The cybercriminal marketplace behaves as a free market and runs on a supply and demand basis. The takedown of Emotet has introduced a gap in a market where there is heavy demand, this gap will be filled by existing operators or with the introduction of newcomers. The Necurs botnet takedown and subsequent emergence of replacements is a clear example of the flexibility of these markets.
The introduction of Ransomware-as-a-Service(RaaS) into the cybercriminal market has resulted in a major supply-chain reliance for initial access campaigns. Buyers are constantly seeking to secure this key part of the supply chain. The REvil ransomware gang for example, has been seen posting advertisements seeking business partnerships with initial access brokers.
However, as many cybercriminal groups operate in a business-like fashion, they will also typically have backup routes to market through other suppliers. As a consequence, infection rates will not be affected by the Emotet takedown for a substantial amount of time. An example of this can be seen with Ryuk ransomware. The Emotet botnet was heavily used in the delivery of the Ryuk. However, Ryuk has also been delivered through other attack chains, including use of TrickBot since at least December 2017, followed by Bazar Loader in September2020. Buer and Silent Night are less reported delivery mechanisms of Ryuk which have been used since September 2020.
Gaps in a free market do not remain empty for long. Hence, it is expected that some operators will use this as an opportunity for growth and expansion of operations. It is also known that groups relying on MaaS services typically use multiple botnets and so it is likely that criminal groups may fall to their backup operators such as TrickBot and Bazar.

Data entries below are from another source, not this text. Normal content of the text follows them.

lemma abs_double_integral_measure_pmf_minus_le:
  fixes h :: "'a \<Rightarrow> 'b \<Rightarrow> real"
  assumes "\<And>x y. x \<in> insert z1 (set_pmf M) \<Longrightarrow> y \<in> insert z2 (set_pmf U) \<Longrightarrow> 0 \<le> h x y \<and> h x y \<le> 1"
  shows "\<bar>(\<integral>x. (\<integral>y. h x y \<partial>U) \<partial>M) - h z1 z2\<bar> \<le> (1 - pmf M z1) + (1 - pmf U z2)"
proof -
  have "\<bar>(\<integral>x. (\<integral>y. h x y \<partial>U) \<partial>M) - (\<integral>y. h z1 y \<partial>U)\<bar> \<le> 1 - pmf M z1"
    using assms by (intro abs_integral_measure_pmf_minus_le integral_measure_pmf_unit_interval) auto
  moreover have "\<bar>(\<integral>y. h z1 y \<partial>U) - h z1 z2\<bar> \<le> 1 - pmf U z2"
    using assms by (intro abs_integral_measure_pmf_minus_le) auto
  ultimately show ?thesis by linarith
qed

lemma measure_bind_accept_reject:
  assumes "\<And>w u. w \<in> set_pmf M \<Longrightarrow> u \<in> set_pmf U \<Longrightarrow> 0 \<le> h w u \<and> h w u \<le> 1"
  defines "a \<equiv> \<integral>w. (\<integral>u. h w u \<partial>U) \<partial>M"
  shows "measure_pmf.prob (bind_pmf M (\<lambda>w. bind_pmf U (\<lambda>u. bind_pmf (bernoulli_pmf (h w u))
            (\<lambda>acc. return_pmf (if acc then y else z))))) A
       = a * indicator A y + (1 - a) * indicator A z"
proof -
  define G where "G acc = return_pmf (if acc then y else z)" for acc
  have inner: "0 \<le> (\<integral>u. h w u \<partial>U) \<and> (\<integral>u. h w u \<partial>U) \<le> 1" if "w \<in> set_pmf M" for w
    by (rule integral_measure_pmf_unit_interval) (use assms that in auto)
  have "bind_pmf M (\<lambda>w. bind_pmf U (\<lambda>u. bind_pmf (bernoulli_pmf (h w u)) G))
      = bind_pmf (bind_pmf M (\<lambda>w. bind_pmf U (\<lambda>u. bernoulli_pmf (h w u)))) G"
    by (simp add: bind_assoc_pmf)
  also have "bind_pmf M (\<lambda>w. bind_pmf U (\<lambda>u. bernoulli_pmf (h w u))) = bind_pmf M (\<lambda>w. bernoulli_pmf (\<integral>u. h w u \<partial>U))"
    by (intro bind_pmf_cong refl bind_pmf_bernoulli_eq_bernoulli_integral) (use assms in auto)
  also have "\<dots> = bernoulli_pmf a"
    unfolding a_def by (rule bind_pmf_bernoulli_eq_bernoulli_integral) (use inner in auto)
  finally show ?thesis
    using integral_measure_pmf_unit_interval[of M "\<lambda>w. \<integral>u. h w u \<partial>U"] inner
    by (simp add: G_def measure_bind_bernoulli_pmf a_def)
qed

Instead of using established operators some actors may turn to individuals selling initial access on underground forums. We can expect to see an increase in the activity of initial access brokers advertising their services. As threat actors seek initial access through remote services, there will be an increase in the underground trading of gateway solutions.
The current evidence suggests that Emotet will not be returning to the cyber-criminal market in the way that we know it. However, what we may see is operators involved in Emotet branching off to create smaller, independent botnets using the Emotet source code, which is what happened with Necurs. Whilst it is possible that senior members of the Emotet botnet will come together again and attempt to re-recreate it, the reputational damage suffered from the takedown will make this difficult.
On 25 April 2021, law enforcement will send an uninstaller for Emotet to all infected devices. Some actors with access may rush to capitalize on the infection prior to this. Therefore, it is recommended that organisations check and investigate for any Emotet infections in your environment prior to this date.
Protection of the perimeter is key to ensuring defense against initial access campaigns. The majority of these campaigns rely on phishing and so robust and trustworthy anti-phishing tools are recommended. Additionally, organisations should ensure that employees are trained appropriately and understand the risks associated with phishing. Initial access campaigns tend to focus on major current events, therefore, we recommend conducting training refreshment and phishing tests before these events.
Organisations should use both protective and defensive measures on external remote services(VPN, RDP and Microsoft Exchange).